Likewise, the party that served Putin’s needs devolved—much like the Trumpified modern Republican Party has in this country—into a modern freak show of sorts, with entertainers, clowns, and provocateurs replacing or supplanting any civic-minded political officials:
The alternative reality was nothing but a crooked mirror of the living public sphere, filled with clowns in the place of politicians, cheap imitations instead of functioning social welfare organizations, and propagandists instead of journalists and analysts.
Trudolyubov recognizes that the immense problem Russia now faces with its seemingly disastrous invasion of Ukraine is one borne of complacency, of those Russians with an independent voice not taking the complete dissolution of their public sphere seriously and allowing one man with such power to inhabit an imaginary bubble world of constant yes-men, unconstrained, allowing them to inhabit a fake world that now threatens not only to inflict immeasurable damage on Ukraine, but possibly the rest of the world (including Russia itself) as well. He writes unsparingly of the danger Putin’s cynicism and warped, insular worldview has created: “Someone who has convinced themselves that everything can be bought and sold, that society can be occupied, subjugated, and replaced by their own personal reality, paid for by them, has led not only our country but also the world to the brink of disaster.”
He not only believed in the reality he had bought, but he also made it the basis for action in the real world. Today, it is clear that his plan to conduct a short military operation in a “brotherly nation” was based on a fiction that he authored himself. Apparently, he expected that the use of force by a “real” state — that is, “his” state — would lead to the collapse of the “non-real” state of Ukraine….He thought that everyone would believe in Ukrainian “Nazis” and his liberation mission. He assumed, probably based on assurances from his yes-men, that Russia was ready for war and sanctions.
In this country we are, after two years, barely emerging from the consequences of a pandemic that likely took twice as many lives as it should have, all due to an identical mentality, with a corrupt executive surrounding himself with and only listening to those who agreed with him, living in a fictional “bubble world” of bogus information and pseudo-science spun for him by advisors and media sycophants. We were provided, for example, with a former Labradoodle breeder and pharma lobbyist to coordinate the response to the worst viral pandemic in over a century. We were treated to quacks like Scott Atlas and addled theocrats like Robert Redfield informing the federal policy that fashioned that response. And at the top of it all was Donald Trump, advising Americans from his all-knowing bubble to drink bleach, take phony cures, and eschew common-sense preventative health measures, all with predictably outsized lethal results.
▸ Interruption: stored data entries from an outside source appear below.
(* A tree $T$ has no full star-cutset if and only if $T$ is a path on at most $4$ vertices. A chandelier has no full star-cutset if and only if it is a luxury chandelier.
   Context: A full star-cutset of a connected graph $G$ is a set $N[u]=\{u\}\cup N(u)$ whose removal disconnects $G$ ($u$ is its center). A chandelier is a graph obtained from a tree $T$ by adding a new vertex adjacent to every leaf of $T$; it is a luxury chandelier if in $T$ the neighbor of each leaf has degree two. *)

theory Defs
  imports Main
begin

definition graph :: "'a set \<Rightarrow> 'a set set \<Rightarrow> bool" where
  "graph V E \<longleftrightarrow> finite V \<and> (\<forall>e\<in>E. \<exists>u v. e = {u, v} \<and> u \<noteq> v \<and> u \<in> V \<and> v \<in> V)"

text \<open>Adjacency inside the vertex set V (so (V - S) E is the induced subgraph G - S).\<close>
definition adj_in :: "'a set \<Rightarrow> 'a set set \<Rightarrow> 'a \<Rightarrow> 'a \<Rightarrow> bool" where
  "adj_in V E a b \<longleftrightarrow> a \<in> V \<and> b \<in> V \<and> {a, b} \<in> E"

definition connected_graph :: "'a set \<Rightarrow> 'a set set \<Rightarrow> bool" where
  "connected_graph V E \<longleftrightarrow> V \<noteq> {} \<and> (\<forall>x\<in>V. \<forall>y\<in>V. (adj_in V E)\<^sup>*\<^sup>* x y)"

text \<open>Disconnected: at least two vertices in different components (the null graph is not disconnected).\<close>
definition disconnected_graph :: "'a set \<Rightarrow> 'a set set \<Rightarrow> bool" where
  "disconnected_graph V E \<longleftrightarrow> (\<exists>x\<in>V. \<exists>y\<in>V. \<not> (adj_in V E)\<^sup>*\<^sup>* x y)"

definition nbhd :: "'a set \<Rightarrow> 'a set set \<Rightarrow> 'a \<Rightarrow> 'a set" where
  "nbhd V E u = {v \<in> V. {u, v} \<in> E}"

definition closed_nbhd :: "'a set \<Rightarrow> 'a set set \<Rightarrow> 'a \<Rightarrow> 'a set" where
  "closed_nbhd V E u = insert u (nbhd V E u)"

definition degree :: "'a set \<Rightarrow> 'a set set \<Rightarrow> 'a \<Rightarrow> nat" where
  "degree V E u = card (nbhd V E u)"

definition full_star_cutset :: "'a set \<Rightarrow> 'a set set \<Rightarrow> 'a \<Rightarrow> bool" where
  "full_star_cutset V E u \<longleftrightarrow> connected_graph V E \<and> u \<in> V \<and>
     disconnected_graph (V - closed_nbhd V E u) E"

definition has_full_star_cutset :: "'a set \<Rightarrow> 'a set set \<Rightarrow> bool" where
  "has_full_star_cutset V E \<longleftrightarrow> (\<exists>u\<in>V. full_star_cutset V E u)"

definition acyclic_graph :: "'a set \<Rightarrow> 'a set set \<Rightarrow> bool" where
  "acyclic_graph V E \<longleftrightarrow> \<not> (\<exists>xs. length xs \<ge> 3 \<and> distinct xs \<and> set xs \<subseteq> V \<and>
      (\<forall>i < length xs. {xs ! i, xs ! ((i + 1) mod length xs)} \<in> E))"

definition tree :: "'a set \<Rightarrow> 'a set set \<Rightarrow> bool" where
  "tree V E \<longleftrightarrow> graph V E \<and> connected_graph V E \<and> acyclic_graph V E"

definition path_graph :: "'a set \<Rightarrow> 'a set set \<Rightarrow> bool" where
  "path_graph V E \<longleftrightarrow> (\<exists>xs. xs \<noteq> [] \<and> distinct xs \<and> set xs = V \<and>
      E = {{xs ! i, xs ! Suc i} | i. Suc i < length xs})"

definition leaves :: "'a set \<Rightarrow> 'a set set \<Rightarrow> 'a set" where
  "leaves V E = {v \<in> V. degree V E v = 1}"

definition chandelier :: "'a set \<Rightarrow> 'a set set \<Rightarrow> 'a \<Rightarrow> bool" where
  "chandelier V E x \<longleftrightarrow> graph V E \<and> x \<in> V \<and>
     tree (V - {x}) {e \<in> E. x \<notin> e} \<and> card (V - {x}) \<ge> 3 \<and>
     nbhd V E x = leaves (V - {x}) {e \<in> E. x \<notin> e}"

definition luxury_chandelier :: "'a set \<Rightarrow> 'a set set \<Rightarrow> 'a \<Rightarrow> bool" where
  "luxury_chandelier V E x \<longleftrightarrow> chandelier V E x \<and>
     (let T = V - {x}; ET = {e \<in> E. x \<notin> e} in
       \<forall>v \<in> leaves T ET. \<forall>w \<in> nbhd T ET v. degree T ET w = 2)"

end

theory Submission
  imports Defs
begin

text \<open>
  In a tree, a vertex y with three neighbours u, a, b makes N[u] a full star-cutset separating a
  from b, and a path a-b-c-d-e makes N[c] one separating a from e; so a tree without one has
  maximum degree two and no path on five vertices, i.e. it is a path on at most four vertices.
  Conversely, on at most four vertices whatever survives the removal of a closed neighbourhood
  is at most one edge.

  In a chandelier with apex x over the tree T, a leaf v whose neighbour w has degree at least
  three (degree one is impossible as T has at least three vertices) gives N[v] = {v, w, x},
  which separates two further neighbours of w. In a luxury chandelier nothing disconnects: G - N[x] is T minus its
  leaves, and G - N[v] for a leaf v is T minus v and its neighbour w of degree two; both are
  connected, since a tree path between two remaining vertices cannot pass through a leaf, nor
  through w without passing through v. For any other vertex u, every vertex outside N[u] reaches
  a leaf, hence the apex, without meeting N[u].
\<close>

lemma graph_no_loop: "graph V E \<Longrightarrow> {a, a} \<notin> E"
  unfolding graph_def by (auto simp: doubleton_eq_iff)

lemma graph_edge_vertices: "graph V E \<Longrightarrow> {a, b} \<in> E \<Longrightarrow> a \<in> V \<and> b \<in> V"
  unfolding graph_def by (auto simp: doubleton_eq_iff)

lemma in_closed_nbhd_iff: "a \<in> closed_nbhd V E u \<longleftrightarrow> a = u \<or> (a \<in> V \<and> {u, a} \<in> E)"
  by (auto simp: closed_nbhd_def nbhd_def)

lemma nbhd_sym: "u \<in> V \<Longrightarrow> w \<in> nbhd V E u \<Longrightarrow> u \<in> nbhd V E w"
  by (auto simp: nbhd_def insert_commute)

lemma leaf_nbhd: "v \<in> leaves V E \<Longrightarrow> \<exists>w. nbhd V E v = {w}"
  by (simp add: leaves_def degree_def card_1_singleton_iff)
While its harrowing death toll (approaching one million, thus far) may have lacked the dramatic intensity and fury of a hot war, that didn’t make the COVID-19 pandemic any less deadly for those who were victimized by the Trump policies that exacerbated it. Those policies were reinforced over and over again not only by Trump’s appointees in government but by the entire Republican party apparatus that echoed and amplified his directives in states where they exerted control.
And all of those unnecessary deaths in the U.S. were ultimately caused by a grotesque fealty by Republicans to a deluded, power-hungry egomaniac, one wholly divorced from reality, who—just like Putin is doing now—deliberately and cynically chose to believe his own lies, in the face of overwhelming evidence to the contrary.